1 марта пруссаки должны были войти в Париж; из всех сердец вырвался крик ненависти и гнева. На собраниях Морис слышал обвинения, выдвинутые против Национального собрания, против Тьера и людей, захвативших власть после 4 сентября и не пожелавших уберечь великий, героический город от небывалого позора. Однажды Морис сам пришел в ярость, потребовал слова и заявил, что весь Париж должен погибнуть на укреплениях, но не впустить ни одного пруссака. В населении, обезумевшем от многомесячного томления, голода и вынужденной праздности, одержимом кошмарами, подтачиваемом подозрениями, созданными собственным воображением, естественно, назревал гнев, почти открыто готовилось вооруженное восстание. Это был один из тех нравственных переворотов, которые можно наблюдать после всех длительных осад, – избыток обманутой любви к отечеству, которая, напрасно воспламенив души, превращается в слепую потребность мщения и разрушения. Центральный комитет, избранный делегатами национальной гвардии, протестовал против всякой попытки разоружить Париж, На площади Бастилии произошла крупная манифестация, с красными флагами, пламенными речами, огромным стечением народа, убийством несчастного полицейского, которого привязали к доске, бросили в канал и прикончили камнями. А через два дня, ночью 26 февраля, Мориса разбудила зоря и набат: по бульвару Батиньоль шли толпы мужчин и женщин, тащили пушки; Морис сам впрягся в одно орудие вместе с двадцатью парижанами, узнав, что народ захватил эти пушки на площади Ваграм, чтобы Национальное собрание не выдало их пруссакам. Здесь было сто семьдесят орудий без запряжек; народ, в неистовом порыве, подобно орде варваров, спасающих своих богов, тянул их на веревках, подталкивал и довез до самой вершины Монмартра. 1 марта пруссакам пришлось удовольствоваться тем, что они заняли всего на один день квартал Елисейских полей; и когда победители, словно испуганное стадо, теснились за городскими заставами, угрюмый Париж не шевелился, улицы были пустынны, дома заперты, весь город словно вымер, окутанный черным крепом скорби.

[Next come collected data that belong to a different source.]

(* Let $r$ be a parameter (an integer or an indeterminate), and let $F_r=(f_{n,k})_{n,k\ge 0}$ be the $f$-matrix of the ordinary Riordan array $H_r=\left(\frac{1}{1-x},\frac{x(1+rx)}{1-x}\right)$, i.e. $F_r=H_r\cdot \mathbf{B}$, where $\mathbf{B}=\left(\binom{n}{k}\right)_{n,k\ge0}$. Then the bivariate generating function of $F_r$ is $$\sum_{n,k\ge 0} f_{n,k}x^ny^k=\frac{1}{1-(y+2)x-r(y+1)x^2},$$ and the bivariate generating function of the reversal $\left(f_{n,n-k}\right)_{0\le k\le n}$ of $F_r$ is $$\sum_{n\ge 0}\sum_{k=0}^n f_{n,n-k}x^ny^k=\frac{1}{1-(2y+1)x-ry(y+1)x^2}.$$
   Context: An ordinary Riordan array $(g(x),f(x))$, where $g(x)=1+g_1x+g_2x^2+\cdots$ and $f(x)=x+f_2x^2+\cdots$ are formal power series, is the lower-triangular matrix $(a_{n,k})_{n,k\ge0}$ with $a_{n,k}=[x^n]g(x)f(x)^k$. The binomial matrix $\mathbf{B}=\left(\binom{n}{k}\right)_{n,k\ge0}$ equals the Riordan array $\left(\frac{1}{1-x},\frac{x}{1-x}\right)$. For a lower-triangular matrix $M$ (here a Pascal-like matrix, i.e. $a_{n,0}=a_{n,n}=1$ and $a_{n,n-k}=a_{n,k}$), its $f$-matrix is the matrix product $M\cdot\mathbf{B}$. The reversal of a lower-triangular matrix $(a_{n,k})$ is the matrix whose $(n,k)$ entry is $a_{n,n-k}$ for $0\le k\le n$ (and $0$ for $k>n$). The bivariate generating function of $(a_{n,k})$ is $\sum_{n,k}a_{n,k}x^ny^k$. *)

theory Defs
  imports "HOL-Computational_Algebra.Computational_Algebra"
begin

definition riordan :: "'a::comm_ring_1 fps \<Rightarrow> 'a fps \<Rightarrow> nat \<Rightarrow> nat \<Rightarrow> 'a" where
  "riordan g f n k = fps_nth (g * f ^ k) n"

definition geom :: "'a::comm_ring_1 fps" where
  "geom = Abs_fps (\<lambda>n. 1)"

definition H :: "'a::comm_ring_1 \<Rightarrow> nat \<Rightarrow> nat \<Rightarrow> 'a" where
  "H r = riordan geom (fps_X * (1 + fps_const r * fps_X) * geom)"

text \<open>Product of lower-triangular matrices M and the binomial matrix B:
  (M B)(n,k) = sum over j <= n of M(n,j) * binom(j,k).\<close>
definition fmatrix :: "(nat \<Rightarrow> nat \<Rightarrow> 'a::comm_ring_1) \<Rightarrow> nat \<Rightarrow> nat \<Rightarrow> 'a" where
  "fmatrix M n k = (\<Sum>j\<le>n. M n j * of_nat (j choose k))"

definition reversal :: "(nat \<Rightarrow> nat \<Rightarrow> 'a::zero) \<Rightarrow> nat \<Rightarrow> nat \<Rightarrow> 'a" where
  "reversal M n k = (if k \<le> n then M n (n - k) else 0)"

definition bgf :: "(nat \<Rightarrow> nat \<Rightarrow> 'a::comm_ring_1) \<Rightarrow> 'a poly fps" where
  "bgf M = Abs_fps (\<lambda>n. \<Sum>k\<le>n. monom (M n k) k)"

definition Y :: "'a::comm_ring_1 poly" where
  "Y = [:0, 1:]"

end

(* Both generating functions are weighted row sums of H_r: expanding the binomial matrix gives
   sum_k f(n,k) y^k = sum_j h(n,j) (1+y)^j and sum_k f(n,n-k) y^k = sum_j h(n,j) (1+y)^j y^(n-j).
   For a Riordan array (g, x h) the row sums sum_j h(n,j) c^j w^(n-j) have generating function
   g(wx) / (1 - c x h(wx)), the fundamental theorem of Riordan arrays applied to the dilated
   series. With g = 1/(1-x), h = (1+rx)/(1-x) and (c,w) = (1+y,1) resp. (1+y,y) this is
   1/((1 - wx) - c x (1 + r w x)), i.e. the two stated rational functions. *)

theory Submission
  imports Defs
begin

definition fps_dilate :: "'a::comm_ring_1 poly \<Rightarrow> 'a fps \<Rightarrow> 'a poly fps" where
  "fps_dilate w a = Abs_fps (\<lambda>n. smult (a $ n) (w ^ n))"

lemma fps_dilate_nth [simp]: "fps_dilate w a $ n = smult (a $ n) (w ^ n)"
  by (simp add: fps_dilate_def)

lemma fps_dilate_mult: "fps_dilate w (a * b) = fps_dilate w a * fps_dilate w b"
proof (rule fps_ext)
  fix n
  have "fps_dilate w (a * b) $ n = (\<Sum>i=0..n. smult (a $ i * b $ (n - i)) (w ^ n))"
    by (simp add: fps_mult_nth smult_sum)
  also have "\<dots> = (\<Sum>i=0..n. smult (a $ i) (w ^ i) * smult (b $ (n - i)) (w ^ (n - i)))"
    by (intro sum.cong refl) (simp add: mult.commute flip: power_add)
  finally show "fps_dilate w (a * b) $ n = (fps_dilate w a * fps_dilate w b) $ n"
    by (simp add: fps_mult_nth)
qed

lemma fps_dilate_power: "fps_dilate w (a ^ j) = fps_dilate w a ^ j"
proof (induction j)
  case 0
  show ?case by (rule fps_ext) simp
next
  case (Suc j)
  then show ?case by (simp add: fps_dilate_mult)
qed

lemma fps_dilate_geom: "fps_dilate w geom * (1 - fps_const w * fps_X) = 1"
proof (rule fps_ext)
  fix n
  have "fps_dilate w geom * (1 - fps_const w * fps_X)
      = fps_dilate w geom - fps_X * (fps_const w * fps_dilate w geom)"
    by (simp add: algebra_simps)
  then show "(fps_dilate w geom * (1 - fps_const w * fps_X)) $ n = 1 $ n"
    by (cases n) (simp_all add: geom_def)
qed

lemma fps_dilate_linear:
  "fps_dilate w (1 + fps_const r * fps_X) = 1 + fps_const ([:r:] * w) * fps_X"
  by (rule fps_ext) (auto simp: fps_X_def)

lemma riordan_fps_X_mult:
  "riordan g (fps_X * h) n j = (if j \<le> n then (g * h ^ j) $ (n - j) else 0)"
proof -
  have "g * (fps_X * h) ^ j = fps_X ^ j * (g * h ^ j)"
    by (simp add: power_mult_distrib mult_ac)
  then show ?thesis
    by (simp add: riordan_def fps_X_power_mult_nth)
qed

text \<open>The sum over \<open>j\<close> is infinite, so coefficient \<open>n\<close> is read off the truncation
  \<open>T = g(wx) \<Sum>j\<le>n. (c x h(wx))^j\<close>, for which \<open>T (1 - c x h(wx)) = g(wx) (1 - (c x h(wx))^(n+1))\<close>.\<close>
lemma riordan_weighted_row_sums:
  fixes g h :: "'a::comm_ring_1 fps" and c w :: "'a poly"
  defines "A \<equiv> Abs_fps (\<lambda>n. \<Sum>j\<le>n. smult (riordan g (fps_X * h) n j) (c ^ j * w ^ (n - j)))"
  shows "A * (1 - fps_const c * fps_X * fps_dilate w h) = fps_dilate w g"
proof (rule fps_ext)
  fix n
  let ?q = "fps_const c * fps_X * fps_dilate w h"
  define T where "T = fps_dilate w g * (\<Sum>j\<le>n. ?q ^ j)"
  have T_nth: "T $ i = A $ i" if "i \<le> n" for i
  proof -
    have "T = (\<Sum>j\<le>n. fps_X ^ j * (fps_const (c ^ j) * fps_dilate w (g * h ^ j)))"
      by (simp add: T_def sum_distrib_left fps_dilate_mult fps_dilate_power
          power_mult_distrib fps_const_power mult_ac)
    then have "T $ i = (\<Sum>j\<le>n. if j \<le> i then c ^ j * smult ((g * h ^ j) $ (i - j)) (w ^ (i - j)) else 0)"
      by (auto simp: fps_sum_nth fps_X_power_mult_nth intro!: sum.cong)
    also have "\<dots> = (\<Sum>j\<le>i. c ^ j * smult ((g * h ^ j) $ (i - j)) (w ^ (i - j)))"
      using that by (intro sum.mono_neutral_cong_right) auto
    also have "\<dots> = A $ i"
      unfolding A_def fps_nth_Abs_fps
      by (intro sum.cong refl) (simp add: riordan_fps_X_mult mult_smult_right mult.commute)
    finally show ?thesis .
  qed
  have "fps_cutoff (Suc n) A = fps_cutoff (Suc n) T"
    by (rule fps_ext) (simp add: T_nth)
  then have "(A * (1 - ?q)) $ n = (T * (1 - ?q)) $ n"
    by (metis fps_cutoff_left_mult_nth lessI)
  also have "T * (1 - ?q) = fps_dilate w g * ((1 - ?q) * (\<Sum>j\<le>n. ?q ^ j))"
    by (simp only: T_def mult_ac)
  also have "\<dots> = fps_dilate w g * (1 - ?q ^ Suc n)"
    by (simp only: sum_gp_basic)
  also have "?q ^ Suc n = fps_X ^ Suc n * (fps_const c * fps_dilate w h) ^ Suc n"
    by (simp only: power_mult_distrib mult_ac)
  finally show "(A * (1 - ?q)) $ n = fps_dilate w g $ n"
    by (simp only: right_diff_distrib mult_1_right mult.left_commute[of "fps_dilate w g"]
        fps_sub_nth fps_X_power_mult_nth) simp
qed

lemma H_weighted_row_sums:
  fixes r :: "'a::comm_ring_1" and c w :: "'a poly"
  shows "Abs_fps (\<lambda>n. \<Sum>j\<le>n. smult (H r n j) (c ^ j * w ^ (n - j))) *
      (1 - fps_const w * fps_X - fps_const c * fps_X * (1 + fps_const ([:r:] * w) * fps_X)) = 1"
    (is "?A * _ = 1")
proof -
  let ?h = "(1 + fps_const r * fps_X) * geom"
  have "fps_const c * fps_X * fps_dilate w ?h * (1 - fps_const w * fps_X)
      = fps_const c * fps_X * (1 + fps_const ([:r:] * w) * fps_X)"
    by (simp add: fps_dilate_mult fps_dilate_linear fps_dilate_geom mult.assoc)
  then have "1 - fps_const w * fps_X - fps_const c * fps_X * (1 + fps_const ([:r:] * w) * fps_X)
      = (1 - fps_const c * fps_X * fps_dilate w ?h) * (1 - fps_const w * fps_X)"
    by (simp add: left_diff_distrib)
  moreover have "?A * (1 - fps_const c * fps_X * fps_dilate w ?h) = fps_dilate w geom"
    using riordan_weighted_row_sums[of geom ?h] by (simp add: H_def mult.assoc)
  ultimately show ?thesis
    by (simp add: fps_dilate_geom flip: mult.assoc)
qed

lemma Y_power: "(Y::'a::comm_ring_1 poly) ^ m = monom 1 m"
  by (simp add: Y_def monom_altdef)

lemma coeff_Y_plus_1_power: "coeff (((Y::'a::comm_ring_1 poly) + 1) ^ j) i = of_nat (j choose i)"
proof (cases "i \<le> j")
  case True
  then show ?thesis by (simp add: Y_def one_pCons coeff_linear_poly_power)
next
  case False
  have "degree (((Y::'a poly) + 1) ^ j) \<le> j"
    by (rule order.trans[OF degree_power_le]) (simp add: Y_def one_pCons)
  then show ?thesis using False by (simp add: coeff_eq_0 binomial_eq_0)
qed

lemma coeff_Y_plus_1_power_mult_Y_power:
  "coeff (((Y::'a::comm_ring_1 poly) + 1) ^ j * Y ^ m) i
     = (if i \<le> j + m then of_nat (j choose (j + m - i)) else 0)"
proof -
  have "coeff (((Y::'a poly) + 1) ^ j * Y ^ m) i = (if i < m then 0 else of_nat (j choose (i - m)))"
    by (simp add: Y_power mult.commute[of _ "monom 1 m"] coeff_monom_mult coeff_Y_plus_1_power)
  also have "\<dots> = (if i \<le> j + m then of_nat (j choose (j + m - i)) else 0)"
    using binomial_symmetric[of "i - m" j] by (auto simp: binomial_eq_0)
  finally show ?thesis .
qed

lemma coeff_bgf: "coeff (bgf M $ n) i = (if i \<le> n then M n i else 0)"
  by (simp add: bgf_def coeff_sum coeff_monom)

lemma bgf_fmatrix_nth:
  "bgf (fmatrix M) $ n = (\<Sum>j\<le>n. smult (M n j) ((Y + 1) ^ j))"
proof (rule poly_eqI)
  fix i
  show "coeff (bgf (fmatrix M) $ n) i = coeff (\<Sum>j\<le>n. smult (M n j) ((Y + 1) ^ j)) i"
    by (auto simp: coeff_bgf fmatrix_def coeff_sum coeff_Y_plus_1_power binomial_eq_0 intro!: sum.neutral)
qed

lemma bgf_reversal_fmatrix_nth:
  "bgf (reversal (fmatrix M)) $ n = (\<Sum>j\<le>n. smult (M n j) ((Y + 1) ^ j * Y ^ (n - j)))"
proof (rule poly_eqI)
  fix i
  show "coeff (bgf (reversal (fmatrix M)) $ n) i
      = coeff (\<Sum>j\<le>n. smult (M n j) ((Y + 1) ^ j * Y ^ (n - j))) i"
    by (auto simp: coeff_bgf reversal_def fmatrix_def coeff_sum coeff_Y_plus_1_power_mult_Y_power
        intro!: sum.cong)
qed

theorem proposition2:
  fixes r :: "'a::comm_ring_1"
  shows "bgf (fmatrix (H r)) *
           (1 - fps_const (Y + 2) * fps_X - fps_const ([:r:] * (Y + 1)) * fps_X ^ 2) = 1 \<and>
         bgf (reversal (fmatrix (H r))) *
           (1 - fps_const (2 * Y + 1) * fps_X - fps_const ([:r:] * Y * (Y + 1)) * fps_X ^ 2) = 1"
proof
  have row_sums: "bgf (fmatrix (H r)) = Abs_fps (\<lambda>n. \<Sum>j\<le>n. smult (H r n j) ((Y + 1) ^ j * 1 ^ (n - j)))"
    by (rule fps_ext) (simp add: bgf_fmatrix_nth)
  have denominator: "1 - fps_const (Y + 2) * fps_X - fps_const ([:r:] * (Y + 1)) * fps_X ^ 2
      = 1 - fps_const 1 * fps_X - fps_const (Y + 1) * fps_X * (1 + fps_const ([:r:] * 1) * fps_X)"
    by (simp add: algebra_simps power2_eq_square)
  show "bgf (fmatrix (H r)) *
      (1 - fps_const (Y + 2) * fps_X - fps_const ([:r:] * (Y + 1)) * fps_X ^ 2) = 1"
    unfolding row_sums denominator by (rule H_weighted_row_sums)
next
  have row_sums: "bgf (reversal (fmatrix (H r)))
      = Abs_fps (\<lambda>n. \<Sum>j\<le>n. smult (H r n j) ((Y + 1) ^ j * Y ^ (n - j)))"
    by (rule fps_ext) (simp add: bgf_reversal_fmatrix_nth)
  have denominator: "1 - fps_const (2 * Y + 1) * fps_X - fps_const ([:r:] * Y * (Y + 1)) * fps_X ^ 2
      = 1 - fps_const Y * fps_X - fps_const (Y + 1) * fps_X * (1 + fps_const ([:r:] * Y) * fps_X)"
    by (simp add: algebra_simps power2_eq_square)
  show "bgf (reversal (fmatrix (H r))) *
      (1 - fps_const (2 * Y + 1) * fps_X - fps_const ([:r:] * Y * (Y + 1)) * fps_X ^ 2) = 1"
    unfolding row_sums denominator by (rule H_weighted_row_sums)
qed

end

Прошло еще две недели; Морис перестал сознавать, как проходит его жизнь; он ждал, он чувствовал приближение чего-то неопределенного и чудовищного. Мир был окончательно заключен; Национальное собрание должно было обосноваться в Версале 20 марта; но Морис не допускал мысли, что это конец, он верил: немцев еще постигнет страшное возмездие. 18 марта утром он получил письмо от Генриетты; она снова умоляла его вернуться в Ремильи, нежно угрожая приехать в Париж, если он и впредь будет отказывать ей в этой великой радости. Она сообщала известия о Жане, писала, что он в конце декабря уехал из Ремильи, чтобы присоединиться к Северной армии, заболел злокачественной лихорадкой, попал в бельгийский лазарет, а неделю назад написал ей, что, невзирая на слабость, едет в Париж, решив вступить там в армию. В конце письма Генриетта просила брата сообщить ей точные сведения о Жане, как только Морис увидит его. Перечитывая это письмо, Морис погрузился в сладостные воспоминания. Генриетта – горячо любимая сестра, Жан – брат в беде и страдании. Боже мой! Как эти дорогие существа далеки от его всегдашних мыслей теперь, когда в нем растет такая буря! Сестра писала, что не могла дать Жану адрес Мориса на улице Орти, и Морис решил немедленно навести справки в военных столах, чтобы разыскать Жана. Но едва он дошел до улицы Сент-Оноре, как встретил двух товарищей по батальону; они рассказали ему о том, что произошло ночью и утром на Монмартре, и все трое сломя голову побежали туда.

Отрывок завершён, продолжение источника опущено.